■ **Stored data**
lemma Sup_holder_quot_nonneg:
  assumes "bdd_above (holder_quot \<alpha> h)"
  shows "0 \<le> Sup (holder_quot \<alpha> h)"
proof -
  have "\<bar>h 0 - h 1\<bar> / \<bar>0 - 1\<bar> powr \<alpha> \<in> holder_quot \<alpha> h"
    unfolding holder_quot_def by (intro CollectI exI[of _ "0::real"] exI[of _ "1::real"]) simp
  then have "\<bar>h 0 - h 1\<bar> / \<bar>0 - 1\<bar> powr \<alpha> \<le> Sup (holder_quot \<alpha> h)"
    by (intro cSup_upper assms)
  then show ?thesis
    by (rule order_trans[rotated]) simp
qed

lemma abs_diff_le_Sup_holder_quot:
  assumes "bdd_above (holder_quot \<alpha> h)" and "s \<in> {0..1}" "t \<in> {0..1}"
  shows "\<bar>h s - h t\<bar> \<le> Sup (holder_quot \<alpha> h) * \<bar>s - t\<bar> powr \<alpha>"
proof (cases "s = t")
  case False
  then have "\<bar>h s - h t\<bar> / \<bar>s - t\<bar> powr \<alpha> \<in> holder_quot \<alpha> h"
    unfolding holder_quot_def using assms by blast
  then have "\<bar>h s - h t\<bar> / \<bar>s - t\<bar> powr \<alpha> \<le> Sup (holder_quot \<alpha> h)"
    by (intro cSup_upper assms)
  then show ?thesis using False by (simp add: divide_le_eq)
qed simp

lemma abs_le_sup_norm:
  assumes "continuous_on {0..1} h" and "t \<in> {0..1}"
  shows "\<bar>h t\<bar> \<le> sup_norm h"
proof -
  have "bdd_above ((\<lambda>t. \<bar>h t\<bar>) ` {0..1})"
    by (intro bounded_imp_bdd_above compact_imp_bounded compact_continuous_image
        continuous_intros assms compact_Icc)
  then show ?thesis unfolding sup_norm_def by (intro cSUP_upper assms)
qed

lemma sq_le_cell_integral:
  fixes h :: "real \<Rightarrow> real"
  assumes "0 \<le> a" "a \<le> b" "b \<le> 1" and cont: "continuous_on {0..1} h" and "0 \<le> \<alpha>" "0 \<le> K"
    and hol: "\<And>s t. s \<in> {0..1} \<Longrightarrow> t \<in> {0..1} \<Longrightarrow> \<bar>h s - h t\<bar> \<le> K * \<bar>s - t\<bar> powr \<alpha>"
  shows "(b - a) * (h b)\<^sup>2 \<le> 2 * integral {a..b} (\<lambda>t. (h t)\<^sup>2) + 2 * (b - a) * (K * (b - a) powr \<alpha>)\<^sup>2"
proof -
  define d where "d = K * (b - a) powr \<alpha>"
  have pointwise: "(h b)\<^sup>2 \<le> 2 * (h t)\<^sup>2 + 2 * d\<^sup>2" if "t \<in> {a..b}" for t
  proof -
    have "\<bar>h b - h t\<bar> \<le> K * \<bar>b - t\<bar> powr \<alpha>"
      using that assms by (intro hol) auto
    also have "\<dots> \<le> d"
      unfolding d_def using that assms by (intro mult_left_mono powr_mono2) auto
    finally have "\<bar>h b\<bar> \<le> \<bar>h t\<bar> + d"
      by linarith
    then have "(h b)\<^sup>2 \<le> (\<bar>h t\<bar> + d)\<^sup>2"
      by (metis abs_ge_zero power2_abs power_mono)
    also have "\<dots> \<le> 2 * (h t)\<^sup>2 + 2 * d\<^sup>2"
      using zero_le_power2[of "\<bar>h t\<bar> - d"] by (simp add: power2_eq_square algebra_simps)
    finally show ?thesis .
  qed
  have cont_ab: "continuous_on {a..b} h"
    by (rule continuous_on_subset[OF cont]) (use assms in auto)
  have integrable: "(\<lambda>t. (h t)\<^sup>2) integrable_on {a..b}"
    and integrable': "(\<lambda>t. 2 * (h t)\<^sup>2 + 2 * d\<^sup>2) integrable_on {a..b}"
    by (intro integrable_continuous_interval continuous_intros cont_ab)+
  have "(b - a) * (h b)\<^sup>2 = integral {a..b} (\<lambda>t. (h b)\<^sup>2)"
    using assms by simp
  also have "\<dots> \<le> integral {a..b} (\<lambda>t. 2 * (h t)\<^sup>2 + 2 * d\<^sup>2)"
    using integrable' pointwise by (intro integral_le) auto
  also have "\<dots> = integral {a..b} (\<lambda>t. 2 * (h t)\<^sup>2) + integral {a..b} (\<lambda>t. 2 * d\<^sup>2)"
    using integrable by (intro integral_add) auto
  also have "\<dots> = 2 * integral {a..b} (\<lambda>t. (h t)\<^sup>2) + 2 * (b - a) * d\<^sup>2"
    using assms by simp
  finally show ?thesis
    unfolding d_def .
qed

lemma sum_sq_grid_le:
  fixes h :: "real \<Rightarrow> real"
  assumes "n \<ge> 1" and cont: "continuous_on {0..1} h" and "h 0 = 0" and "0 \<le> \<alpha>" "0 \<le> K"
    and hol: "\<And>s t. s \<in> {0..1} \<Longrightarrow> t \<in> {0..1} \<Longrightarrow> \<bar>h s - h t\<bar> \<le> K * \<bar>s - t\<bar> powr \<alpha>"
  shows "(\<Sum>i\<le>n. (h (real i / real n))\<^sup>2)
         \<le> 2 * real n * integral {0..1} (\<lambda>t. (h t)\<^sup>2) + 2 * real n powr (1 - 2 * \<alpha>) * K\<^sup>2"
proof -
  have n: "real n > 0"
    using assms by simp
  define c where "c = 2 * (K / real n powr \<alpha>)\<^sup>2"
  have partial: "(\<Sum>i\<le>k. (h (real i / real n))\<^sup>2)
      \<le> 2 * real n * integral {0..real k / real n} (\<lambda>t. (h t)\<^sup>2) + real k * c" if "k \<le> n" for k
    using that
  proof (induction k)
    case 0
    then show ?case using \<open>h 0 = 0\<close> by simp
  next
    case (Suc k)
    let ?a = "real k / real n" and ?b = "real (Suc k) / real n"
    have ab: "0 \<le> ?a" "?a \<le> ?b" "?b \<le> 1" "?b - ?a = 1 / real n"
      using Suc.prems n by (auto simp: field_simps)
    have "(1 / real n) * (h ?b)\<^sup>2
        \<le> 2 * integral {?a..?b} (\<lambda>t. (h t)\<^sup>2) + 2 * (1 / real n) * (K * (1 / real n) powr \<alpha>)\<^sup>2"
      using sq_le_cell_integral[OF ab(1-3) cont \<open>0 \<le> \<alpha>\<close> \<open>0 \<le> K\<close> hol] unfolding ab(4) .
    then have cell: "(h ?b)\<^sup>2 \<le> 2 * real n * integral {?a..?b} (\<lambda>t. (h t)\<^sup>2) + c"
      using n by (simp add: c_def powr_divide field_simps)
    have "continuous_on {0..?b} (\<lambda>t. (h t)\<^sup>2)"
      using ab by (intro continuous_intros continuous_on_subset[OF cont]) auto
    then have combine: "integral {0..?b} (\<lambda>t. (h t)\<^sup>2)
        = integral {0..?a} (\<lambda>t. (h t)\<^sup>2) + integral {?a..?b} (\<lambda>t. (h t)\<^sup>2)"
      using ab by (intro Henstock_Kurzweil_Integration.integral_combine[symmetric]
          integrable_continuous_interval) auto
    have "(\<Sum>i\<le>Suc k. (h (real i / real n))\<^sup>2)
        \<le> (2 * real n * integral {0..?a} (\<lambda>t. (h t)\<^sup>2) + real k * c)
          + (2 * real n * integral {?a..?b} (\<lambda>t. (h t)\<^sup>2) + c)"
      using Suc cell by simp
    also have "\<dots> = 2 * real n * integral {0..?b} (\<lambda>t. (h t)\<^sup>2) + real (Suc k) * c"
      unfolding combine by (simp add: algebra_simps)
    finally show ?case .
  qed
  have "real n * c = 2 * real n powr (1 - 2 * \<alpha>) * K\<^sup>2"
    using n by (simp add: c_def powr_diff powr_power power_divide)
  then show ?thesis
    using partial[of n] n by simp
qed

lemma tv_norm_obs_law_le_sup_norm:
  assumes "\<tau> > 0" "n \<ge> 1" "continuous_on {0..1} f" "continuous_on {0..1} g"
  shows "tv_norm (obs_law \<tau> n f) (obs_law \<tau> n g) \<le> sqrt 2 / \<tau> * sqrt (real n) * sup_norm (\<lambda>t. f t - g t)"
proof -
  define S where "S = (\<Sum>i\<le>n. (f (real i / real n) - g (real i / real n))\<^sup>2)"
  define D where "D = sup_norm (\<lambda>t. f t - g t)"
  have D: "\<bar>f t - g t\<bar> \<le> D" if "t \<in> {0..1}" for t
    unfolding D_def using assms that by (intro abs_le_sup_norm continuous_intros)
  have "0 \<le> D"
    using D[of 0] by simp
  have "(f (real i / real n) - g (real i / real n))\<^sup>2 \<le> D\<^sup>2" if "i \<in> {..n}" for i
  proof -
    have "real i / real n \<in> {0..1}"
      using that assms by (auto simp: field_simps)
    then show ?thesis
      using D by (metis abs_ge_zero power2_abs power_mono)
  qed
  then have "S \<le> real (card {..n}) * D\<^sup>2"
    unfolding S_def by (rule sum_bounded_above)
  also have "\<dots> \<le> 2 * real n * D\<^sup>2"
    using assms by (intro mult_right_mono) auto
  finally have S: "S \<le> 2 * real n * D\<^sup>2" .
  have "0 \<le> S"
    unfolding S_def by (simp add: sum_nonneg)
  have "tv_norm (obs_law \<tau> n f) (obs_law \<tau> n g) \<le> 2 * sqrt (1 - exp (- (S / (4 * \<tau>\<^sup>2))))"
    using tv_norm_obs_law_le[OF assms(1)] unfolding S_def by simp
  also have "\<dots> \<le> 2 * sqrt (S / (4 * \<tau>\<^sup>2))"
    using \<open>0 \<le> S\<close> assms by (intro mult_left_mono sqrt_one_minus_exp_le) auto
  also have "\<dots> = sqrt S / \<tau>"
    using assms by (simp add: real_sqrt_divide real_sqrt_mult)
  also have "\<dots> \<le> sqrt (2 * real n * D\<^sup>2) / \<tau>"
    using S assms by (intro divide_right_mono real_sqrt_le_mono) auto
  also have "\<dots> = sqrt 2 / \<tau> * sqrt (real n) * D"
    using \<open>0 \<le> D\<close> by (simp add: real_sqrt_mult field_simps)
  finally show ?thesis
    unfolding D_def .
qed

lemma one_minus_half_tv_norm_obs_law_ge:
  assumes "\<tau> > 0" "n \<ge> 1" "0 \<le> \<alpha>" and f: "f \<in> holder_space \<alpha>" and g: "g \<in> holder_space \<alpha>"
    and "f 0 = 0" "g 0 = 0"
  shows "exp (- (real n * (L2_norm01 (\<lambda>t. f t - g t))\<^sup>2
                + real n powr (1 - \<alpha>) * (holder_norm \<alpha> (\<lambda>t. f t - g t))\<^sup>2) / (2 * \<tau>\<^sup>2)) / 2
         \<le> 1 - tv_norm (obs_law \<tau> n f) (obs_law \<tau> n g) / 2"
proof -
  define h where "h = (\<lambda>t. f t - g t)"
  have "h 0 = 0"
    unfolding h_def using assms by simp
  have "h \<in> holder_space \<alpha>"
    unfolding h_def using f g by (rule holder_space_diff)
  then have cont: "continuous_on {0..1} h" and bdd: "bdd_above (holder_quot \<alpha> h)"
    by (simp_all add: holder_space_def)
  define K where "K = Sup (holder_quot \<alpha> h)"
  define x where "x = real n * (L2_norm01 h)\<^sup>2 + real n powr (1 - \<alpha>) * (holder_norm \<alpha> h)\<^sup>2"
  define S where "S = (\<Sum>i\<le>n. (h (real i / real n))\<^sup>2)"
  have "0 \<le> K"
    unfolding K_def using bdd by (rule Sup_holder_quot_nonneg)
  moreover have "K \<le> holder_norm \<alpha> h"
    using abs_le_sup_norm[OF cont, of 0] unfolding holder_norm_def K_def by simp
  ultimately have "real n powr (1 - 2 * \<alpha>) * K\<^sup>2 \<le> real n powr (1 - \<alpha>) * (holder_norm \<alpha> h)\<^sup>2"
    using assms by (intro mult_mono powr_mono power_mono) auto
  moreover have "(L2_norm01 h)\<^sup>2 = integral {0..1} (\<lambda>t. (h t)\<^sup>2)"
    unfolding L2_norm01_def
    by (simp add: integral_nonneg integrable_continuous_interval continuous_intros cont)
  moreover have "S \<le> 2 * real n * integral {0..1} (\<lambda>t. (h t)\<^sup>2) + 2 * real n powr (1 - 2 * \<alpha>) * K\<^sup>2"
    unfolding S_def K_def using assms(2,3) cont \<open>h 0 = 0\<close> bdd
    by (intro sum_sq_grid_le Sup_holder_quot_nonneg abs_diff_le_Sup_holder_quot) auto
  ultimately have "S \<le> 2 * x"
    unfolding x_def by simp
  define E where "E = exp (- S / (4 * \<tau>\<^sup>2))"
  have "exp (- x / (2 * \<tau>\<^sup>2)) / 2 \<le> E / 2"
    unfolding E_def using \<open>S \<le> 2 * x\<close> assms by (simp add: field_simps)
  also have "\<dots> \<le> 1 - sqrt (1 - E)"
    unfolding E_def S_def by (intro half_le_one_minus_sqrt_one_minus) (simp add: sum_nonneg)
  also have "\<dots> \<le> 1 - tv_norm (obs_law \<tau> n f) (obs_law \<tau> n g) / 2"
    using tv_norm_obs_law_le[OF assms(1), of n f g] unfolding E_def S_def h_def by simp
  finally show ?thesis
    unfolding x_def h_def .
qed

■ **Task brief**
Lines with "False": return each one from the data above.

■ **Response to the task**
  case False
  then show ?thesis using False by (simp add: divide_le_eq)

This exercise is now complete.